The association itself has set up a task force to study the potential for improving the olefin pipeline infrastructure in western Europe. Discussions may also include the use of feedstock pipelines, which are becoming available from organisations such as NATO, said Viinanen. Although this would clearly improve flexibility and allow further closure decisions to be taken, many believe, that additions to Europe's olefins pipeline infrastructure -the most obvious being an extension of the ARG network from Ludwigshafen to Carling - are not realistic, given the costs and the period of time involved.
Competition issues may also arise.
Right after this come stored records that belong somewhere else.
lemma jet_close_eta3:
  assumes jet: "jet_close s \<epsilon> v g v' g'" and \<epsilon>: "0 \<le> \<epsilon>"
  shows "jet_close (9 * s ^ 3) \<epsilon> (eta3 v) (deta3 v *\<^sub>R g) (eta3 v') (deta3 v' *\<^sub>R g')"
proof -
  have v: "\<bar>v\<bar> \<le> s" "\<bar>v'\<bar> \<le> s" "\<bar>v - v'\<bar> \<le> s * \<epsilon>"
    and g: "norm g \<le> s" "norm g' \<le> s" "norm (g - g') \<le> s * \<epsilon>"
    using jet by (auto simp: jet_close_def)
  have s: "0 \<le> s"
    using v by auto
  have d: "\<bar>deta3 v\<bar> \<le> 3 * s ^ 2" "\<bar>deta3 v'\<bar> \<le> 3 * s ^ 2"
    using v deta3_le deta3_nonneg by auto
  have "\<bar>eta3 v - eta3 v'\<bar> \<le> 3 * s ^ 2 * (s * \<epsilon>)"
    using eta3_lipschitz[OF v(1,2)] mult_left_mono[OF v(3), of "3 * s ^ 2"] by simp
  moreover have "\<bar>deta3 v - deta3 v'\<bar> \<le> 6 * s * (s * \<epsilon>)"
    using deta3_lipschitz[OF v(1,2)] mult_left_mono[OF v(3), of "6 * s"] s by simp
  then have "\<bar>deta3 v - deta3 v'\<bar> * norm g + \<bar>deta3 v'\<bar> * norm (g - g')
      \<le> 6 * s * (s * \<epsilon>) * s + 3 * s ^ 2 * (s * \<epsilon>)"
    using d g s \<epsilon> by (intro add_mono mult_mono) auto
  moreover have "norm (deta3 v *\<^sub>R g - deta3 v' *\<^sub>R g')
      \<le> \<bar>deta3 v - deta3 v'\<bar> * norm g + \<bar>deta3 v'\<bar> * norm (g - g')"
    by (rule norm_scaleR_diff_le)
  moreover have "norm (deta3 v *\<^sub>R g) \<le> 3 * s ^ 2 * s" "norm (deta3 v' *\<^sub>R g') \<le> 3 * s ^ 2 * s"
    using d g by (auto intro: mult_mono)
  moreover have "\<bar>eta3 v\<bar> \<le> s ^ 3" "\<bar>eta3 v'\<bar> \<le> s ^ 3"
    using v abs_eta3_le by auto
  moreover have "3 * s ^ 2 * (s * \<epsilon>) \<le> 9 * s ^ 3 * \<epsilon>" "3 * s ^ 2 * s \<le> 9 * s ^ 3" "s ^ 3 \<le> 9 * s ^ 3"
    "6 * s * (s * \<epsilon>) * s + 3 * s ^ 2 * (s * \<epsilon>) = 9 * s ^ 3 * \<epsilon>"
    using s \<epsilon> by (simp_all add: power2_eq_square power3_eq_cube algebra_simps)
  ultimately show ?thesis
    unfolding jet_close_def by linarith
qed

lemma jet_close_neuron:
  fixes W :: nat and s B :: real
  assumes "\<And>j. j < W \<Longrightarrow> jet_close s \<epsilon> (v j) (g j) (v' j) (g' j)"
    and "\<And>j. j < W \<Longrightarrow> \<bar>m j\<bar> \<le> B \<and> \<bar>m' j\<bar> \<le> B \<and> \<bar>m j - m' j\<bar> \<le> \<epsilon>"
    and "\<bar>c\<bar> \<le> B" "\<bar>c'\<bar> \<le> B" "\<bar>c - c'\<bar> \<le> \<epsilon>" "1 \<le> B" "0 \<le> \<epsilon>"
  shows "jet_close (W * ((1 + B) * (9 * s ^ 3)) + B) \<epsilon>
    ((\<Sum>j<W. m j * eta3 (v j)) + c) (\<Sum>j<W. (m j * deta3 (v j)) *\<^sub>R g j)
    ((\<Sum>j<W. m' j * eta3 (v' j)) + c') (\<Sum>j<W. (m' j * deta3 (v' j)) *\<^sub>R g' j)"
proof -
  have "jet_close ((1 + B) * (9 * s ^ 3)) \<epsilon>
      (m j * eta3 (v j)) (m j *\<^sub>R (deta3 (v j) *\<^sub>R g j))
      (m' j * eta3 (v' j)) (m' j *\<^sub>R (deta3 (v' j) *\<^sub>R g' j))" if "j < W" for j
    using assms(1,2)[OF that] assms(7) by (intro jet_close_scale jet_close_eta3) auto
  then have "jet_close (\<Sum>j<W. (1 + B) * (9 * s ^ 3)) \<epsilon>
      (\<Sum>j<W. m j * eta3 (v j)) (\<Sum>j<W. m j *\<^sub>R (deta3 (v j) *\<^sub>R g j))
      (\<Sum>j<W. m' j * eta3 (v' j)) (\<Sum>j<W. m' j *\<^sub>R (deta3 (v' j) *\<^sub>R g' j))"
    by (intro jet_close_sum) auto
  then show ?thesis
    using jet_close_add[OF _ jet_close_const[OF assms(6,7,3,4,5)]] by simp
qed

lemma norm_le_card_mult:
  fixes a :: "real^'d"
  assumes "\<And>k. \<bar>a $ k\<bar> \<le> c"
  shows "norm a \<le> real CARD('d) * c"
  using norm_le_l1_cart[of a] sum_mono[of UNIV "\<lambda>k. \<bar>a $ k\<bar>" "\<lambda>_. c"] assms by simp

lemma abs_inner_Omega_le:
  fixes a :: "real^'d"
  assumes "x \<in> Omega" "\<And>k. \<bar>a $ k\<bar> \<le> c"
  shows "\<bar>a \<bullet> x\<bar> \<le> real CARD('d) * c"
proof -
  have "\<bar>a $ k * x $ k\<bar> \<le> c" for k
    using assms mult_mono[of "\<bar>a $ k\<bar>" c "\<bar>x $ k\<bar>" 1] by (force simp: Omega_def abs_mult)
  then have "(\<Sum>k\<in>UNIV. \<bar>a $ k * x $ k\<bar>) \<le> real CARD('d) * c"
    using sum_mono[of UNIV "\<lambda>k. \<bar>a $ k * x $ k\<bar>" "\<lambda>_. c"] by simp
  moreover have "\<bar>a \<bullet> x\<bar> \<le> (\<Sum>k\<in>UNIV. \<bar>a $ k * x $ k\<bar>)"
    unfolding inner_vec_def inner_real_def by (rule sum_abs)
  ultimately show ?thesis by linarith
qed

lemma jet_close_inner:
  fixes a a' :: "real^'d"
  assumes "x \<in> Omega" "1 \<le> B" "0 \<le> \<epsilon>"
    and "\<And>k. \<bar>a $ k\<bar> \<le> B" "\<And>k. \<bar>a' $ k\<bar> \<le> B" "\<And>k. \<bar>a $ k - a' $ k\<bar> \<le> \<epsilon>"
  shows "jet_close (real CARD('d) * B) \<epsilon> (a \<bullet> x) a (a' \<bullet> x) a'"
proof -
  have "real CARD('d) * \<epsilon> \<le> real CARD('d) * B * \<epsilon>"
    using assms(2,3) mult_right_mono[of 1 B \<epsilon>] by (simp add: mult_left_mono mult.assoc)
  moreover have "\<bar>a \<bullet> x - a' \<bullet> x\<bar> \<le> real CARD('d) * \<epsilon>"
    using abs_inner_Omega_le[where a = "a - a'" and c = \<epsilon>] assms by (simp add: inner_diff_left)
  moreover have "norm (a - a') \<le> real CARD('d) * \<epsilon>"
    using norm_le_card_mult[where a = "a - a'" and c = \<epsilon>] assms by simp
  moreover have "\<bar>a \<bullet> x\<bar> \<le> real CARD('d) * B" "\<bar>a' \<bullet> x\<bar> \<le> real CARD('d) * B"
    "norm a \<le> real CARD('d) * B" "norm a' \<le> real CARD('d) * B"
    using assms abs_inner_Omega_le norm_le_card_mult by blast+
  ultimately show ?thesis
    unfolding jet_close_def by linarith
qed

text \<open>Applied to the entrywise difference of two parameter families, weights_bounded
  also expresses that they are \<epsilon>-close.\<close>

definition weights_bounded :: "nat \<Rightarrow> nat \<Rightarrow> real \<Rightarrow> (nat \<Rightarrow> real^'d)
    \<Rightarrow> (nat \<Rightarrow> nat \<Rightarrow> nat \<Rightarrow> real) \<Rightarrow> (nat \<Rightarrow> nat \<Rightarrow> real) \<Rightarrow> bool" where
  "weights_bounded L W B A M b \<longleftrightarrow>
     (\<forall>i < rows L W 1. \<forall>j. \<bar>A i $ j\<bar> \<le> B)
   \<and> (\<forall>l\<in>{2..L}. \<forall>i < rows L W l. \<forall>j < W. \<bar>M l i j\<bar> \<le> B)
   \<and> (\<forall>l\<in>{1..L}. \<forall>i < rows L W l. \<bar>b l i\<bar> \<le> B)"

text \<open>cubic_tower Q l bounds the jets of layer l + 1: each layer applies eta3, a cubic,
  to the previous one.\<close>

fun cubic_tower :: "real \<Rightarrow> nat \<Rightarrow> real" where
  "cubic_tower Q 0 = Q"
| "cubic_tower Q (Suc n) = Q * cubic_tower Q n ^ 3"

lemma one_le_cubic_tower: "1 \<le> Q \<Longrightarrow> 1 \<le> cubic_tower Q n"
  by (induction n) (auto intro: order_trans[OF _ mult_mono[of 1 Q 1]])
Elf Atochem is already having difficulties with the European Commission over the Donges-Melun-Metz pipeline jv through which it plans to substantially improve the competitiveness of the Carling site.
The APPE is also negotiating with Peter Manning Associates for the use of the consultancy's model for measuring relative competitiveness. Called PIMM, it will monitor quarterly movements in competitiveness within Europe compared with data for North America, the Far East and the Middle East/North Africa.
The purpose of the model is to gain an industry perspective to provide information which will highlight better the complexity of the European situation in comparison with other regions, not to compare individual complexes within Europe with each other, said Viinanen.
It has however come into criticism from some consultants, who believe this approach confuses the real issue. 'It is more important to look at particular sectors and get laggard plants to close,' commented one.
This is what the industry is slowly doing, but it may feel it will be rescued from further action by the current recovery. The rescue may be short-lived. Certainly if no improvements are made in the structural deficits within the current cycle, the European petchems sector runs the risk of finding itself in a worse position in the next downturn than before.